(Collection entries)
______
text \<open>
  Up to conjugation, the Sylow \<open>p\<close>-subgroup of \<open>S\<^bsub>p^k\<^esub>\<close> is the iterated wreath product
  \<open>W\<^sub>k = W\<^bsub>k-1\<^esub> \<wr> C\<^sub>p\<close>, realised on \<open>{1..p^k}\<close> by splitting a point into its last base-\<open>p\<close>
  digit and the remaining block; its order \<open>p\<^bsup>1 + p + \<dots> + p^(k-1)\<^esup>\<close> is the \<open>p\<close>-part of \<open>(p^k)!\<close>. \<open>W\<^sub>k\<close> maps homomorphically to \<open>(\<int>/p)\<^sup>k\<close> (the top rotation,
  then recursively the sums over the \<open>p\<close> components), and by induction on \<open>k\<close> every element of
  the kernel is a single commutator: an element \<open>(0; g\<^sub>0, \<dots>, g\<^bsub>p-1\<^esub>)\<close> of the kernel is \<open>[A, B]\<close>
  for \<open>A, B\<close> built from a commutator representation of \<open>g\<^bsub>p-1\<^esub> \<dots> g\<^sub>1 g\<^sub>0\<close> in \<open>W\<^bsub>k-1\<^esub>\<close>.
  So the set of commutators of \<open>W\<^sub>k\<close> is a subgroup, nontrivial for \<open>k \<ge> 2\<close>, and the commutator
  width is \<open>1\<close>. Sylow conjugacy transfers this to every Sylow subgroup, and for odd \<open>p\<close> a Sylow
  \<open>p\<close>-subgroup of \<open>A\<^bsub>p^k\<^esub>\<close> is one of \<open>S\<^bsub>p^k\<^esub>\<close>.
\<close>

section \<open>Commutator width\<close>

lemma derived_set_eq_commutators:
  "derived_set G H = {commutator G x y | x y. x \<in> H \<and> y \<in> H}"
  by (auto simp: commutator_def)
______
REQUIREMENT:
Nothing in the data may be left out. Copy all of it exactly.

RESPONSE AREA:
text \<open>
  Up to conjugation, the Sylow \<open>p\<close>-subgroup of \<open>S\<^bsub>p^k\<^esub>\<close> is the iterated wreath product
  \<open>W\<^sub>k = W\<^bsub>k-1\<^esub> \<wr> C\<^sub>p\<close>, realised on \<open>{1..p^k}\<close> by splitting a point into its last base-\<open>p\<close>
  digit and the remaining block; its order \<open>p\<^bsup>1 + p + \<dots> + p^(k-1)\<^esup>\<close> is the \<open>p\<close>-part of \<open>(p^k)!\<close>. \<open>W\<^sub>k\<close> maps homomorphically to \<open>(\<int>/p)\<^sup>k\<close> (the top rotation,
  then recursively the sums over the \<open>p\<close> components), and by induction on \<open>k\<close> every element of
  the kernel is a single commutator: an element \<open>(0; g\<^sub>0, \<dots>, g\<^bsub>p-1\<^esub>)\<close> of the kernel is \<open>[A, B]\<close>
  for \<open>A, B\<close> built from a commutator representation of \<open>g\<^bsub>p-1\<^esub> \<dots> g\<^sub>1 g\<^sub>0\<close> in \<open>W\<^bsub>k-1\<^esub>\<close>.
  So the set of commutators of \<open>W\<^sub>k\<close> is a subgroup, nontrivial for \<open>k \<ge> 2\<close>, and the commutator
  width is \<open>1\<close>. Sylow conjugacy transfers this to every Sylow subgroup, and for odd \<open>p\<close> a Sylow
  \<open>p\<close>-subgroup of \<open>A\<^bsub>p^k\<^esub>\<close> is one of \<open>S\<^bsub>p^k\<^esub>\<close>.
\<close>

section \<open>Commutator width\<close>

lemma derived_set_eq_commutators:
  "derived_set G H = {commutator G x y | x y. x \<in> H \<and> y \<in> H}"
  by (auto simp: commutator_def)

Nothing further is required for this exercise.